> WORK INSTRUCTION: Pull every line containing "nneg" from the entries.

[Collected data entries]
(* If $P$ is a non-disjunctive labelled program (over a finite signature), then $\mathit{SM}(P)=\mathit{JM}(P)$.
   Context: Fix a finite non-empty set $\mathit{At}$ of propositional atoms. A labelled rule $r$ has the form $\ell : p_1 \vee \dots \vee p_m \leftarrow q_1 \wedge \dots \wedge q_n \wedge \neg s_1 \wedge \dots \wedge \neg s_j \wedge \neg\neg t_1 \wedge \dots \wedge \neg\neg t_k$ with $m,n,j,k \ge 0$ and atoms in $\mathit{At}$; $\mathit{Lb}(r)=\ell$, $\mathit{Hd}(r)=p_1\vee\dots\vee p_m$, $H(r)=\{p_1,\dots,p_m\}$, $\mathit{Bd}(r)$ is the whole antecedent, $\mathit{Bd}^+(r)=q_1\wedge\dots\wedge q_n$, $B^+(r)=\{q_1,\dots,q_n\}$, $\mathit{Bd}^-(r)=\neg s_1 \wedge \dots \wedge \neg s_j \wedge \neg\neg t_1 \wedge \dots \wedge \neg\neg t_k$. Empty disjunction is $\bot$, empty conjunction $\top$. A labelled program $P$ is a finite set of labelled rules with no repeated label; $\mathit{Lb}(P)$ is its set of labels. $P$ is non-disjunctive if $|H(r)|\le 1$ for every $r\in P$. An interpretation $I\subseteq\mathit{At}$ is a (classical) model of $P$ if $I\models \mathit{Bd}(r)\to\mathit{Hd}(r)$ for every $r\in P$. The reduct is $P^I=\{\ \mathit{Lb}(r): \mathit{Hd}(r) \leftarrow \mathit{Bd}^+(r) \mid r \in P,\ I \models \mathit{Bd}^-(r)\ \}$. $I$ is a stable model of $P$ if $I$ is a $\subseteq$-minimal classical model of $P^I$; $\mathit{SM}(P)$ is the set of stable models. $\mathit{Sup}(I,P,p)=\{ r \in P \mid p \in H(r),\ I \models \mathit{Bd}(r)\}$. A support graph of a model $I$ under $P$ is a directed graph $G=\langle I,E,\lambda\rangle$ with vertex set $I$, edges $E\subseteq I\times I$ and a labelling $\lambda: I\to \mathit{Lb}(P)$ such that (i) $\lambda$ is injective, and (ii) for every $p\in I$, the rule $r\in P$ with $\mathit{Lb}(r)=\lambda(p)$ satisfies $r\in \mathit{Sup}(I,P,p)$ and $B^+(r)=\{q \mid (q,p)\in E\}$. An explanation is an acyclic support graph. A classical model $I$ of $P$ is a justified model if some explanation of $I$ under $P$ exists; $\mathit{JM}(P)$ is the set of justified models. *)

theory Defs
  imports Main
begin

text \<open>A rule
  l : p1 v ... v pm <- q1 & ... & qn & not s1 & ... & not sj & not not t1 & ... & not not tk
  is represented by its label, head atoms H(r), positive body B+(r),
  negated atoms {s_i} and doubly negated atoms {t_i}.\<close>

record ('a, 'l) lrule =
  lbl  :: 'l
  hd   :: "'a set"
  pos  :: "'a set"
  neg  :: "'a set"
  nneg :: "'a set"

definition labelled_program :: "('a::finite, 'l) lrule set \<Rightarrow> bool" where
  "labelled_program P \<longleftrightarrow> finite P \<and> inj_on lbl P"

definition non_disjunctive :: "('a, 'l) lrule set \<Rightarrow> bool" where
  "non_disjunctive P \<longleftrightarrow> (\<forall>r\<in>P. card (hd r) \<le> 1)"

definition sat_neg_body :: "'a set \<Rightarrow> ('a, 'l) lrule \<Rightarrow> bool" where
  "sat_neg_body I r \<longleftrightarrow> neg r \<inter> I = {} \<and> nneg r \<subseteq> I"

definition sat_body :: "'a set \<Rightarrow> ('a, 'l) lrule \<Rightarrow> bool" where
  "sat_body I r \<longleftrightarrow> pos r \<subseteq> I \<and> sat_neg_body I r"

definition sat_head :: "'a set \<Rightarrow> ('a, 'l) lrule \<Rightarrow> bool" where
  "sat_head I r \<longleftrightarrow> hd r \<inter> I \<noteq> {}"

definition is_model :: "('a, 'l) lrule set \<Rightarrow> 'a set \<Rightarrow> bool" where
  "is_model P I \<longleftrightarrow> (\<forall>r\<in>P. sat_body I r \<longrightarrow> sat_head I r)"

definition reduct :: "('a, 'l) lrule set \<Rightarrow> 'a set \<Rightarrow> ('a, 'l) lrule set" where
  "reduct P I = {\<lparr>lbl = lbl r, hd = hd r, pos = pos r, neg = {}, nneg = {}\<rparr> | r. r \<in> P \<and> sat_neg_body I r}"

definition stable_model :: "('a, 'l) lrule set \<Rightarrow> 'a set \<Rightarrow> bool" where
  "stable_model P I \<longleftrightarrow> is_model (reduct P I) I \<and> (\<forall>J. J \<subset> I \<longrightarrow> \<not> is_model (reduct P I) J)"

definition SM :: "('a, 'l) lrule set \<Rightarrow> 'a set set" where
  "SM P = {I. stable_model P I}"

definition Sup_rules :: "'a set \<Rightarrow> ('a, 'l) lrule set \<Rightarrow> 'a \<Rightarrow> ('a, 'l) lrule set" where
  "Sup_rules I P p = {r \<in> P. p \<in> hd r \<and> sat_body I r}"

definition support_graph :: "('a, 'l) lrule set \<Rightarrow> 'a set \<Rightarrow> ('a \<times> 'a) set \<Rightarrow> ('a \<Rightarrow> 'l) \<Rightarrow> bool" where
  "support_graph P I E lam \<longleftrightarrow>
     E \<subseteq> I \<times> I \<and> lam ` I \<subseteq> lbl ` P \<and> inj_on lam I \<and>
     (\<forall>p\<in>I. \<exists>r\<in>P. lbl r = lam p \<and> r \<in> Sup_rules I P p \<and> pos r = {q. (q, p) \<in> E})"

definition explanation :: "('a, 'l) lrule set \<Rightarrow> 'a set \<Rightarrow> ('a \<times> 'a) set \<Rightarrow> ('a \<Rightarrow> 'l) \<Rightarrow> bool" where
  "explanation P I E lam \<longleftrightarrow> support_graph P I E lam \<and> acyclic E"

definition justified_model :: "('a, 'l) lrule set \<Rightarrow> 'a set \<Rightarrow> bool" where
  "justified_model P I \<longleftrightarrow> is_model P I \<and> (\<exists>E lam. explanation P I E lam)"

definition JM :: "('a, 'l) lrule set \<Rightarrow> 'a set set" where
  "JM P = {I. justified_model P I}"

end

theory Submission
  imports Defs
begin

text \<open>For a non-disjunctive program the reduct \<open>P\<^sup>I\<close> is a Horn program. If \<open>I\<close> is stable, it is
  therefore reached by iterating the immediate-consequence operator of \<open>P\<^sup>I\<close> from the empty set,
  and the stage at which an atom first appears is a rank that strictly decreases along positive
  bodies; the rules deriving the atoms then form an explanation, whose labelling is injective
  because distinct atoms are derived by rules with distinct heads. Conversely, an explanation is a
  well-founded support graph, and induction along its edges shows that every model of \<open>P\<^sup>I\<close>
  contains \<open>I\<close>, which is the minimality required of a stable model.\<close>

lemma is_model_reduct_iff:
  "is_model (reduct P I) J \<longleftrightarrow> (\<forall>r\<in>P. sat_neg_body I r \<longrightarrow> pos r \<subseteq> J \<longrightarrow> hd r \<inter> J \<noteq> {})"
  unfolding is_model_def reduct_def sat_body_def sat_neg_body_def sat_head_def by fastforce

lemma is_model_reduct_self_iff: "is_model (reduct P I) I \<longleftrightarrow> is_model P I"
  unfolding is_model_reduct_iff unfolding is_model_def sat_body_def sat_head_def by blast

lemma non_disjunctive_hd_eq:
  fixes P :: "('a::finite, 'l) lrule set"
  assumes "non_disjunctive P" "r \<in> P" "p \<in> hd r"
  shows "hd r = {p}"
  using assms card_le_Suc0_iff_eq[of "hd r"] unfolding non_disjunctive_def by auto

lemma support_graph_subset_reduct_model:
  fixes P :: "('a::finite, 'l) lrule set"
  assumes nd: "non_disjunctive P" and sg: "support_graph P I E lam" and "wf E"
    and J: "is_model (reduct P I) J"
  shows "I \<subseteq> J"
proof -
  have "p \<in> I \<longrightarrow> p \<in> J" for p
    using \<open>wf E\<close>
  proof (induction p rule: wf_induct_rule)
    case (less p)
    show ?case
    proof
      assume "p \<in> I"
      then obtain r where r: "r \<in> P" "r \<in> Sup_rules I P p" "pos r = {q. (q, p) \<in> E}"
        using sg unfolding support_graph_def by blast
      have "pos r \<subseteq> J"
        using r(3) less sg unfolding support_graph_def by blast
      moreover have "sat_neg_body I r" "p \<in> hd r"
        using r(2) unfolding Sup_rules_def sat_body_def by auto
      ultimately have "hd r \<inter> J \<noteq> {}"
        using J r(1) unfolding is_model_reduct_iff by blast
      with non_disjunctive_hd_eq[OF nd r(1) \<open>p \<in> hd r\<close>] show "p \<in> J" by auto
    qed
  qed
  then show ?thesis by blast
qed

lemma justified_model_imp_stable_model:
  fixes P :: "('a::finite, 'l) lrule set"
  assumes "non_disjunctive P" "justified_model P I"
  shows "stable_model P I"
proof -
  obtain E lam where "is_model P I" "support_graph P I E lam" "acyclic E"
    using assms(2) unfolding justified_model_def explanation_def by blast
  moreover from \<open>acyclic E\<close> have "wf E" by (simp add: finite_acyclic_wf)
  ultimately show ?thesis
    using support_graph_subset_reduct_model[OF assms(1)]
    unfolding stable_model_def is_model_reduct_self_iff by blast
qed

definition immediate_consequence :: "('a, 'l) lrule set \<Rightarrow> 'a set \<Rightarrow> 'a set \<Rightarrow> 'a set" where
  "immediate_consequence P I S = {p. \<exists>r\<in>P. sat_neg_body I r \<and> hd r = {p} \<and> pos r \<subseteq> S}"

lemma mono_immediate_consequence: "mono (immediate_consequence P I)"
  unfolding mono_def immediate_consequence_def by blast

lemma immediate_consequence_subset_if_reduct_model:
  assumes "is_model (reduct P I) J"
  shows "immediate_consequence P I J \<subseteq> J"
  using assms unfolding is_model_reduct_iff immediate_consequence_def by fastforce

lemma reduct_model_if_immediate_consequence_subset:
  fixes P :: "('a::finite, 'l) lrule set"
  assumes nd: "non_disjunctive P" and I: "is_model (reduct P I) I" and "J \<subseteq> I"
    and closed: "immediate_consequence P I J \<subseteq> J"
  shows "is_model (reduct P I) J"
  unfolding is_model_reduct_iff
proof (intro ballI impI)
  fix r assume r: "r \<in> P" "sat_neg_body I r" "pos r \<subseteq> J"
  then obtain p where "p \<in> hd r"
    using I \<open>J \<subseteq> I\<close> unfolding is_model_reduct_iff by blast
  then have "p \<in> immediate_consequence P I J"
    using non_disjunctive_hd_eq[OF nd r(1)] r unfolding immediate_consequence_def by blast
  with closed \<open>p \<in> hd r\<close> show "hd r \<inter> J \<noteq> {}" by blast
qed

lemma immediate_consequence_iterate_subset:
  assumes "is_model (reduct P I) I"
  shows "(immediate_consequence P I ^^ n) {} \<subseteq> I"
  using Kleene_iter_lpfp[OF mono_immediate_consequence
      immediate_consequence_subset_if_reduct_model[OF assms]]
  by (simp add: bot_set_def)

lemma funpow_empty_fixpoint_exists:
  fixes f :: "'a::finite set \<Rightarrow> 'a set"
  assumes "mono f"
  shows "\<exists>k. f ((f ^^ k) {}) = (f ^^ k) {}"
proof -
  have "mono (\<lambda>i. (f ^^ i) {})"
    using mono_funpow[OF assms] by (simp add: bot_set_def)
  then obtain N where "\<forall>n\<ge>N. (f ^^ N) {} = (f ^^ n) {}"
    using finite_mono_remains_stable_implies_strict_prefix[of "\<lambda>i. (f ^^ i) {}"] by auto
  then show ?thesis by (metis funpow.simps(2) comp_apply le_SucI order_refl)
qed

lemma stable_model_eq_immediate_consequence_iterate:
  fixes P :: "('a::finite, 'l) lrule set"
  assumes nd: "non_disjunctive P" and "stable_model P I"
  shows "\<exists>k. (immediate_consequence P I ^^ k) {} = I"
proof -
  let ?T = "immediate_consequence P I"
  have I: "is_model (reduct P I) I" and min: "\<And>J. J \<subset> I \<Longrightarrow> \<not> is_model (reduct P I) J"
    using assms(2) unfolding stable_model_def by auto
  obtain k where fixpoint: "?T ((?T ^^ k) {}) = (?T ^^ k) {}"
    using funpow_empty_fixpoint_exists[OF mono_immediate_consequence] by blast
  have "(?T ^^ k) {} \<subseteq> I"
    using immediate_consequence_iterate_subset[OF I] .
  moreover from this have "is_model (reduct P I) ((?T ^^ k) {})"
    using reduct_model_if_immediate_consequence_subset[OF nd I] fixpoint by simp
  ultimately show ?thesis
    using min by blast
qed

lemma stable_model_ranked_support:
  fixes P :: "('a::finite, 'l) lrule set"
  assumes nd: "non_disjunctive P" and "stable_model P I"
  shows "\<exists>rk :: 'a \<Rightarrow> nat. \<forall>p\<in>I. \<exists>r\<in>P. sat_body I r \<and> hd r = {p} \<and> (\<forall>q\<in>pos r. rk q < rk p)"
proof -
  let ?T = "immediate_consequence P I"
  have I: "is_model (reduct P I) I"
    using assms(2) unfolding stable_model_def by blast
  obtain k where k: "(?T ^^ k) {} = I"
    using stable_model_eq_immediate_consequence_iterate[OF assms] by blast
  define rk where "rk p = (LEAST n. p \<in> (?T ^^ n) {})" for p
  have "\<exists>r\<in>P. sat_body I r \<and> hd r = {p} \<and> (\<forall>q\<in>pos r. rk q < rk p)" if "p \<in> I" for p
  proof -
    have "p \<in> (?T ^^ rk p) {}"
      unfolding rk_def using k that by (metis LeastI)
    then obtain m where m: "rk p = Suc m" "p \<in> ?T ((?T ^^ m) {})"
      by (cases "rk p") auto
    then obtain r where r: "r \<in> P" "sat_neg_body I r" "hd r = {p}" "pos r \<subseteq> (?T ^^ m) {}"
      unfolding immediate_consequence_def by blast
    have "\<forall>q\<in>pos r. rk q < rk p"
      using r(4) m(1) unfolding rk_def by (metis Least_le less_Suc_eq_le subsetD)
    moreover have "sat_body I r"
      using r(2,4) immediate_consequence_iterate_subset[OF I] unfolding sat_body_def by blast
    ultimately show ?thesis
      using r(1,3) by blast
  qed
  then show ?thesis by blast
qed

lemma explanation_if_ranked_support:
  fixes rk :: "'a \<Rightarrow> nat"
  assumes "inj_on lbl P"
    and "\<forall>p\<in>I. \<exists>r\<in>P. sat_body I r \<and> hd r = {p} \<and> (\<forall>q\<in>pos r. rk q < rk p)"
  shows "\<exists>E lam. explanation P I E lam"
proof -
  obtain rp where rp: "\<forall>p\<in>I. rp p \<in> P \<and> sat_body I (rp p) \<and> hd (rp p) = {p} \<and>
      (\<forall>q\<in>pos (rp p). rk q < rk p)"
    using bchoice[OF assms(2)[unfolded Bex_def]] by blast
  define E where "E = {(q, p). p \<in> I \<and> q \<in> pos (rp p)}"
  have "inj_on (lbl \<circ> rp) I"
  proof (rule inj_onI)
    fix p p' assume "p \<in> I" "p' \<in> I" "(lbl \<circ> rp) p = (lbl \<circ> rp) p'"
    then have "rp p = rp p'"
      using assms(1) rp by (auto dest: inj_onD)
    with rp \<open>p \<in> I\<close> \<open>p' \<in> I\<close> show "p = p'"
      by (metis singleton_inject)
  qed
  then have "support_graph P I E (lbl \<circ> rp)"
    unfolding support_graph_def
  proof (intro conjI ballI)
    fix p assume "p \<in> I"
    with rp show "\<exists>r\<in>P. lbl r = (lbl \<circ> rp) p \<and> r \<in> Sup_rules I P p \<and> pos r = {q. (q, p) \<in> E}"
      by (intro bexI[of _ "rp p"]) (auto simp: Sup_rules_def E_def)
  qed (use rp in \<open>auto simp: E_def sat_body_def\<close>)
  moreover have "acyclic E"
  proof (rule wf_acyclic, rule wf_subset)
    show "E \<subseteq> inv_image less_than rk"
      using rp unfolding E_def by auto
  qed simp
  ultimately show ?thesis
    unfolding explanation_def by blast
qed

lemma stable_model_imp_justified_model:
  fixes P :: "('a::finite, 'l) lrule set"
  assumes "labelled_program P" "non_disjunctive P" "stable_model P I"
  shows "justified_model P I"
proof -
  obtain rk :: "'a \<Rightarrow> nat"
    where "\<forall>p\<in>I. \<exists>r\<in>P. sat_body I r \<and> hd r = {p} \<and> (\<forall>q\<in>pos r. rk q < rk p)"
    using stable_model_ranked_support[OF assms(2,3)] by blast
  then have "\<exists>E lam. explanation P I E lam"
    using explanation_if_ranked_support assms(1) unfolding labelled_program_def by blast
  moreover have "is_model P I"
    using assms(3) is_model_reduct_self_iff unfolding stable_model_def by blast
  ultimately show ?thesis
    unfolding justified_model_def by blast
qed

theorem theorem2:
  fixes P :: "('a::finite, 'l) lrule set"
  assumes "labelled_program P"
    and "non_disjunctive P"
  shows "SM P = JM P"
  using stable_model_imp_justified_model[OF assms] justified_model_imp_stable_model[OF assms(2)]
  unfolding SM_def JM_def by blast

end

> WRITTEN RESPONSE:
  nneg :: "'a set"
  "sat_neg_body I r \<longleftrightarrow> neg r \<inter> I = {} \<and> nneg r \<subseteq> I"
  "reduct P I = {\<lparr>lbl = lbl r, hd = hd r, pos = pos r, neg = {}, nneg = {}\<rparr> | r. r \<in> P \<and> sat_neg_body I r}"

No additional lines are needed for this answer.